I have a Monolith Conical MC3


----------



## Carlo (Dec 6, 2019)

Northern_Monkey said:


> @Carlo -I quite like the option of using a lower flow/pressure with darker roasts, find the results can be a fair bit nicer using say 6-8 rather than 9bar.


 I was under the imprtession that pressure/flow profiling is mainly used with light roasts that are somewhat more challenging to extract


----------



## kennyboy993 (Jan 23, 2017)

I used to experiment with profiles on some darker roasts when I had the V.

Worked well - especially the lever profile. Better mouthfeel, less bitter, more enjoyable


----------



## Northern_Monkey (Sep 11, 2018)

@Carlo - Not all the time, used to tweak it for a better taste. Darker roasts can extract too much of the bad stuff as well.
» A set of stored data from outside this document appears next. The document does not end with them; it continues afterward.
(* The number of pairwise nonequivalent regular graphical Hadamard matrices of order $4^m$ is unbounded as $m\to\infty$.
   Context: A Hadamard matrix of order $n$ is an $n\times n$ matrix $H$ with entries $\pm1$ such that $HH^{\top}=nI$. It is graphical if it is symmetric with constant diagonal, and regular if all its row sums and column sums are equal. Two Hadamard matrices are equivalent if one can be obtained from the other by permuting rows, permuting columns, and multiplying rows and columns by $-1$. *)

theory Defs
  imports Main
begin

text \<open>An n x n matrix is represented as a function nat => nat => int,
  only the entries with indices in {..<n} being relevant.\<close>

definition hadamard :: "nat \<Rightarrow> (nat \<Rightarrow> nat \<Rightarrow> int) \<Rightarrow> bool" where
  "hadamard n H \<longleftrightarrow>
     (\<forall>i<n. \<forall>j<n. H i j = 1 \<or> H i j = -1) \<and>
     (\<forall>i<n. \<forall>k<n. (\<Sum>j<n. H i j * H k j) = (if i = k then int n else 0))"

definition graphical :: "nat \<Rightarrow> (nat \<Rightarrow> nat \<Rightarrow> int) \<Rightarrow> bool" where
  "graphical n H \<longleftrightarrow>
     (\<forall>i<n. \<forall>j<n. H i j = H j i) \<and> (\<forall>i<n. \<forall>j<n. H i i = H j j)"

definition regular :: "nat \<Rightarrow> (nat \<Rightarrow> nat \<Rightarrow> int) \<Rightarrow> bool" where
  "regular n H \<longleftrightarrow>
     (\<exists>s. (\<forall>i<n. (\<Sum>j<n. H i j) = s) \<and> (\<forall>j<n. (\<Sum>i<n. H i j) = s))"

definition hadamard_equiv :: "nat \<Rightarrow> (nat \<Rightarrow> nat \<Rightarrow> int) \<Rightarrow> (nat \<Rightarrow> nat \<Rightarrow> int) \<Rightarrow> bool" where
  "hadamard_equiv n H K \<longleftrightarrow>
     (\<exists>\<sigma> \<tau> r c. bij_betw \<sigma> {..<n} {..<n} \<and> bij_betw \<tau> {..<n} {..<n} \<and>
        (\<forall>i<n. r i = 1 \<or> r i = (-1::int)) \<and> (\<forall>j<n. c j = 1 \<or> c j = (-1::int)) \<and>
        (\<forall>i<n. \<forall>j<n. K i j = r i * c j * H (\<sigma> i) (\<tau> j)))"

end

theory Submission
  imports Defs
begin

text \<open>The number of quadruples of rows of a Hadamard matrix of order \<open>n\<close> whose entrywise product
  is a constant vector is invariant under equivalence and multiplicative under
  Kronecker products. Since the fourth row of such a quadruple is determined by the first three
  (distinct rows are orthogonal), it is at most \<open>n\<^sup>3\<close>; the matrix \<open>D = J - 2I\<close> of order 4 attains
  this bound, while an explicit regular graphical Hadamard matrix \<open>B\<close> of order 64 has three rows
  whose product is not \<open>\<plusminus>\<close> a row, so its count \<open>c\<close> satisfies \<open>0 < c < 64\<^sup>3\<close>. The regular
  graphical Hadamard matrices \<open>B\<^sup>\<otimes>\<^sup>t \<otimes> D\<^sup>\<otimes>\<^sup>(\<^sup>3\<^sup>N\<^sup>-\<^sup>3\<^sup>t\<^sup>)\<close>, \<open>t = 0, \<dots>, N\<close>, of order \<open>4\<^sup>3\<^sup>N\<close>
  then have the pairwise distinct invariants \<open>c\<^sup>t (64\<^sup>3)\<^sup>N\<^sup>-\<^sup>t\<close>.\<close>

section \<open>Kronecker products\<close>

lemma sum_div_mod_product:
  fixes f g :: "nat \<Rightarrow> 'a::comm_semiring_1"
  assumes "0 < k"
  shows "(\<Sum>i<n*k. f (i div k) * g (i mod k)) = (\<Sum>a<n. f a) * (\<Sum>b<k. g b)"
proof -
  have "(\<Sum>i<n*k. f (i div k) * g (i mod k)) = (\<Sum>a<n. \<Sum>i\<in>{a*k..<a*k+k}. f (i div k) * g (i mod k))"
    by (rule sum.nat_group[symmetric])
  also have "\<dots> = (\<Sum>a<n. \<Sum>b<k. f a * g b)"
  proof (rule sum.cong[OF refl])
    fix a
    have "(\<Sum>i\<in>{a*k..<a*k+k}. f (i div k) * g (i mod k))
        = (\<Sum>b<k. f ((b + a*k) div k) * g ((b + a*k) mod k))"
      using sum.shift_bounds_nat_ivl[of "\<lambda>i. f (i div k) * g (i mod k)" 0 "a*k" k]
      by (simp add: add.commute atLeast0LessThan)
    also have "\<dots> = (\<Sum>b<k. f a * g b)"
      using assms by (intro sum.cong) auto
    finally show "(\<Sum>i\<in>{a*k..<a*k+k}. f (i div k) * g (i mod k)) = (\<Sum>b<k. f a * g b)" .
  qed
  finally show ?thesis by (simp add: sum_product)
qed

lemma sum4_div_mod_product:
  fixes f g :: "nat \<Rightarrow> nat \<Rightarrow> nat \<Rightarrow> nat \<Rightarrow> 'a::comm_semiring_1"
  assumes k: "0 < k"
  shows "(\<Sum>a<n*k. \<Sum>b<n*k. \<Sum>c<n*k. \<Sum>d<n*k.
            f (a div k) (b div k) (c div k) (d div k) * g (a mod k) (b mod k) (c mod k) (d mod k))
       = (\<Sum>a<n. \<Sum>b<n. \<Sum>c<n. \<Sum>d<n. f a b c d) * (\<Sum>a<k. \<Sum>b<k. \<Sum>c<k. \<Sum>d<k. g a b c d)"
proof -
  have d: "(\<Sum>d<n*k. f a b c (d div k) * g a' b' c' (d mod k))
         = (\<Sum>d<n. f a b c d) * (\<Sum>d<k. g a' b' c' d)" for a b c a' b' c'
    by (rule sum_div_mod_product[OF k])
  have c: "(\<Sum>c<n*k. (\<Sum>d<n. f a b (c div k) d) * (\<Sum>d<k. g a' b' (c mod k) d))
         = (\<Sum>c<n. \<Sum>d<n. f a b c d) * (\<Sum>c<k. \<Sum>d<k. g a' b' c d)" for a b a' b'
    by (rule sum_div_mod_product[OF k])
  have b: "(\<Sum>b<n*k. (\<Sum>c<n. \<Sum>d<n. f a (b div k) c d) * (\<Sum>c<k. \<Sum>d<k. g a' (b mod k) c d))
         = (\<Sum>b<n. \<Sum>c<n. \<Sum>d<n. f a b c d) * (\<Sum>b<k. \<Sum>c<k. \<Sum>d<k. g a' b c d)" for a a'
    by (rule sum_div_mod_product[OF k])
  have a: "(\<Sum>a<n*k. (\<Sum>b<n. \<Sum>c<n. \<Sum>d<n. f (a div k) b c d) * (\<Sum>b<k. \<Sum>c<k. \<Sum>d<k. g (a mod k) b c d))
         = (\<Sum>a<n. \<Sum>b<n. \<Sum>c<n. \<Sum>d<n. f a b c d) * (\<Sum>a<k. \<Sum>b<k. \<Sum>c<k. \<Sum>d<k. g a b c d)"
    by (rule sum_div_mod_product[OF k])
  show ?thesis by (simp only: d c b a)
qed

lemma hadamard_entry:
  "hadamard n H \<Longrightarrow> i < n \<Longrightarrow> j < n \<Longrightarrow> H i j = 1 \<or> H i j = -1"
  unfolding hadamard_def by blast

lemma hadamard_inner_product:
  "hadamard n H \<Longrightarrow> i < n \<Longrightarrow> k < n \<Longrightarrow> (\<Sum>j<n. H i j * H k j) = (if i = k then int n else 0)"
  unfolding hadamard_def by blast

lemma sign_mult: "(x::int) = 1 \<or> x = -1 \<Longrightarrow> y = 1 \<or> y = -1 \<Longrightarrow> x * y = 1 \<or> x * y = -1"
  by auto

lemma mod_less_of_less_mult: "i < n * k \<Longrightarrow> i mod (k::nat) < k"
  by (cases "k = 0") auto

text \<open>\<open>kron k A B\<close> is \<open>A \<otimes> B\<close> for a \<open>k \<times> k\<close> matrix \<open>B\<close>: row \<open>i\<close> corresponds to the pair
  \<open>(i div k, i mod k)\<close> of a row of \<open>A\<close> and a row of \<open>B\<close>.\<close>
definition kron :: "nat \<Rightarrow> (nat \<Rightarrow> nat \<Rightarrow> int) \<Rightarrow> (nat \<Rightarrow> nat \<Rightarrow> int) \<Rightarrow> nat \<Rightarrow> nat \<Rightarrow> int" where
  "kron k A B i j = A (i div k) (j div k) * B (i mod k) (j mod k)"

lemma kron_hadamard:
  assumes A: "hadamard n A" and B: "hadamard k B" and k: "0 < k"
  shows "hadamard (n * k) (kron k A B)"
  unfolding hadamard_def
proof (intro conjI allI impI)
  fix i j assume i: "i < n * k" and j: "j < n * k"
  show "kron k A B i j = 1 \<or> kron k A B i j = -1"
    unfolding kron_def using i j
    by (intro sign_mult hadamard_entry[OF A] hadamard_entry[OF B]
        less_mult_imp_div_less mod_less_of_less_mult)
next
  fix i i' assume i: "i < n * k" and i': "i' < n * k"
  have "(\<Sum>j<n * k. kron k A B i j * kron k A B i' j)
      = (\<Sum>j<n * k. (A (i div k) (j div k) * A (i' div k) (j div k))
                    * (B (i mod k) (j mod k) * B (i' mod k) (j mod k)))"
    unfolding kron_def by (simp add: algebra_simps)
  also have "\<dots> = (\<Sum>a<n. A (i div k) a * A (i' div k) a) * (\<Sum>b<k. B (i mod k) b * B (i' mod k) b)"
    by (rule sum_div_mod_product[OF k])
  also have "\<dots> = (if i div k = i' div k then int n else 0) * (if i mod k = i' mod k then int k else 0)"
    using i i' by (simp add: hadamard_inner_product[OF A] hadamard_inner_product[OF B]
        less_mult_imp_div_less mod_less_of_less_mult)
  also have "\<dots> = (if i = i' then int (n * k) else 0)"
  proof (cases "i = i'")
    case False
    then have "i div k \<noteq> i' div k \<or> i mod k \<noteq> i' mod k" by (metis div_mult_mod_eq)
    with False show ?thesis by auto
  qed simp
  finally show "(\<Sum>j<n * k. kron k A B i j * kron k A B i' j) = (if i = i' then int (n * k) else 0)" .
qed

lemma kron_graphical:
  assumes "graphical n A" and "graphical k B"
  shows "graphical (n * k) (kron k A B)"
  unfolding graphical_def
proof (intro conjI allI impI)
  fix i j assume "i < n * k" "j < n * k"
  then have "i div k < n" "j div k < n" "i mod k < k" "j mod k < k"
    by (simp_all add: less_mult_imp_div_less mod_less_of_less_mult)
  with assms have "A (i div k) (j div k) = A (j div k) (i div k)" "B (i mod k) (j mod k) = B (j mod k) (i mod k)"
    "A (i div k) (i div k) = A (j div k) (j div k)" "B (i mod k) (i mod k) = B (j mod k) (j mod k)"
    unfolding graphical_def by blast+
  then show "kron k A B i j = kron k A B j i" "kron k A B i i = kron k A B j j"
    unfolding kron_def by simp_all
qed

lemma kron_regular:
  assumes A: "regular n A" and B: "regular k B" and k: "0 < k"
  shows "regular (n * k) (kron k A B)"
proof -
  obtain s where s: "\<forall>i<n. (\<Sum>j<n. A i j) = s" "\<forall>j<n. (\<Sum>i<n. A i j) = s"
    using A unfolding regular_def by blast
  obtain t where t: "\<forall>i<k. (\<Sum>j<k. B i j) = t" "\<forall>j<k. (\<Sum>i<k. B i j) = t"
    using B unfolding regular_def by blast
  show ?thesis unfolding regular_def
  proof (intro exI[of _ "s * t"] conjI allI impI)
    fix i assume "i < n * k"
    then have "i div k < n" "i mod k < k" by (simp_all add: less_mult_imp_div_less mod_less_of_less_mult)
    have "(\<Sum>j<n * k. kron k A B i j) = (\<Sum>a<n. A (i div k) a) * (\<Sum>b<k. B (i mod k) b)"
      unfolding kron_def by (rule sum_div_mod_product[OF k])
    also have "\<dots> = s * t" using s t \<open>i div k < n\<close> \<open>i mod k < k\<close> by simp
    finally show "(\<Sum>j<n * k. kron k A B i j) = s * t" .
  next
    fix j assume "j < n * k"
    then have "j div k < n" "j mod k < k" by (simp_all add: less_mult_imp_div_less mod_less_of_less_mult)
    have "(\<Sum>i<n * k. kron k A B i j) = (\<Sum>a<n. A a (j div k)) * (\<Sum>b<k. B b (j mod k))"
      unfolding kron_def by (rule sum_div_mod_product[OF k])
    also have "\<dots> = s * t" using s t \<open>j div k < n\<close> \<open>j mod k < k\<close> by simp
    finally show "(\<Sum>i<n * k. kron k A B i j) = s * t" .
  qed
qed

fun kron_power :: "nat \<Rightarrow> (nat \<Rightarrow> nat \<Rightarrow> int) \<Rightarrow> nat \<Rightarrow> nat \<Rightarrow> nat \<Rightarrow> int" where
  "kron_power k X 0 = (\<lambda>i j. 1)"
| "kron_power k X (Suc t) = kron (k ^ t) X (kron_power k X t)"

lemma kron_power_hadamard:
  assumes "hadamard k X" and "0 < k"
  shows "hadamard (k ^ t) (kron_power k X t)"
proof (induction t)
  case 0
  show ?case by (simp add: hadamard_def)
next
  case (Suc t)
  then show ?case using assms by (simp add: kron_hadamard)
qed

lemma kron_power_graphical:
  assumes "graphical k X"
  shows "graphical (k ^ t) (kron_power k X t)"
proof (induction t)
  case 0
  show ?case by (simp add: graphical_def)
next
  case (Suc t)
  then show ?case using assms by (simp add: kron_graphical)
qed

lemma kron_power_regular:
  assumes "regular k X" and "0 < k"
  shows "regular (k ^ t) (kron_power k X t)"
proof (induction t)
  case 0
  show ?case by (simp add: regular_def)
next
  case (Suc t)
  then show ?case using assms by (simp add: kron_regular)
qed

section \<open>Quadruples of rows with constant product\<close>

lemma abs_sum_signs_le:
  assumes "\<forall>j<n. w j = 1 \<or> w j = (-1::int)"
  shows "\<bar>\<Sum>j<n. w j\<bar> \<le> int n"
proof -
  have "\<bar>\<Sum>j<n. w j\<bar> \<le> (\<Sum>j<n. \<bar>w j\<bar>)" by (rule sum_abs)
  also have "\<dots> = (\<Sum>j<n. 1)" using assms by (intro sum.cong) auto
  finally show ?thesis by simp
qed

lemma abs_sum_signs_eq_imp_constant:
  assumes w: "\<forall>j<n. w j = 1 \<or> w j = (-1::int)" and s: "\<bar>\<Sum>j<n. w j\<bar> = int n"
  obtains e where "e = 1 \<or> e = -1" and "\<forall>j<n. w j = e"
proof -
  consider "(\<Sum>j<n. w j) = (\<Sum>j<n. 1)" | "(\<Sum>j<n. w j) = (\<Sum>j<n. -1)"
    using s by (auto simp: abs_if split: if_splits)
  then show thesis
  proof cases
    case 1
    have "\<forall>j\<in>{..<n}. 1 - w j = 0"
      using 1 w by (subst sum_nonneg_eq_0_iff[symmetric]) (auto simp: sum_subtractf)
    then show thesis using that[of 1] by simp
  next
    case 2
    have "\<forall>j\<in>{..<n}. w j + 1 = 0"
      using 2 w by (subst sum_nonneg_eq_0_iff[symmetric]) (auto simp: sum.distrib)
    then show thesis using that[of "-1"] by (simp add: eq_neg_iff_add_eq_0)
  qed
qed

lemma abs_mult_eq_bounds_iff:
  fixes x y :: int
  assumes "\<bar>x\<bar> \<le> p" "\<bar>y\<bar> \<le> q" "0 < p" "0 < q"
  shows "\<bar>x * y\<bar> = p * q \<longleftrightarrow> \<bar>x\<bar> = p \<and> \<bar>y\<bar> = q"
proof
  assume eq: "\<bar>x * y\<bar> = p * q"
  show "\<bar>x\<bar> = p \<and> \<bar>y\<bar> = q"
  proof (rule ccontr)
    assume "\<not> (\<bar>x\<bar> = p \<and> \<bar>y\<bar> = q)"
    with assms have "\<bar>x\<bar> < p \<or> \<bar>y\<bar> < q" by auto
    then have "\<bar>x\<bar> * \<bar>y\<bar> < p * q"
    proof
      assume "\<bar>x\<bar> < p"
      have "\<bar>x\<bar> * \<bar>y\<bar> \<le> \<bar>x\<bar> * q" using assms by (simp add: mult_left_mono)
      also have "\<dots> < p * q" using \<open>\<bar>x\<bar> < p\<close> assms by (simp add: mult_strict_right_mono)
      finally show ?thesis .
    next
      assume "\<bar>y\<bar> < q"
      have "\<bar>x\<bar> * \<bar>y\<bar> \<le> p * \<bar>y\<bar>" using assms by (simp add: mult_right_mono)
      also have "\<dots> < p * q" using \<open>\<bar>y\<bar> < q\<close> assms by (simp add: mult_strict_left_mono)
      finally show ?thesis .
    qed
    then show False using eq by (simp add: abs_mult)
  qed
qed (simp add: abs_mult)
Brew guide below from black cat coffee twilight blend:

Espresso - 18g in 36g out over 32 seconds. If you can adjust the temperature take it down to 90c. If you can pressure profile then start at 9bars and decline steadily.


----------



## KingoftheHeath (Nov 22, 2019)

I find the paddle (Bianca) works really well with dark roasts. Can take something which is too bitter (for my taste) and bring it back to something more mellow and chocolatey.


----------



## Rob1 (Apr 9, 2015)

Medium dark....is that where they get oily or start to get oil on the surface, divots from second crack. Or are we talking just somewhere between first and second?


----------



## Stevebee (Jul 21, 2015)

Controlling the pressure (or flow) I think helps with any roast. I don't drink dark so can't speak there, but otherwise a declining profile works for most. I have an L1, a Vesuvius and a Decent and use a modified lever profile on the V and Decent. As the puck degrades unless you reduce pressure, the flow will increase extracting flavours you might not want. Light roasts are different in as much a higher flow rate seems more desirable with maybe a shorter total shot time. Plenty of examples and work on the Decent forum on this very subject (Allonge from Rao). I never profile, or drink, a flat 9 bar, as in my opinion, the alternatives just taste better. I think the upgrade will definitely be worthwhile. You can always leave it and pull at 9 bar if you prefer but I don't think you will.


----------



## cuprajake (Mar 30, 2020)

Ive just ordered a flow control valve for my minima so really looking forward to trying it


----------



## Carlo (Dec 6, 2019)

Rob1 said:


> Medium dark....is that where they get oily or start to get oil on the surface, divots from second crack. Or are we talking just somewhere between first and second?


 A mix of the 2. I like some oily ones passed second crack, but mostly between first and second crack


----------



## Rob1 (Apr 9, 2015)

I'd say best used on anything up to a medium-dark roast but if you're getting into second crack maybe not so useful.


----------



## Michael87 (Sep 20, 2019)

Do you ramp up up slowly as well? I find that if I preinfuse with about 1 bar I have to ramp up pretty fast to 9 bar before coffee starts spewing out. It's like there a danger zone where it is fully saturated and will channel unless the pressure is high enough to recompress the puck.


----------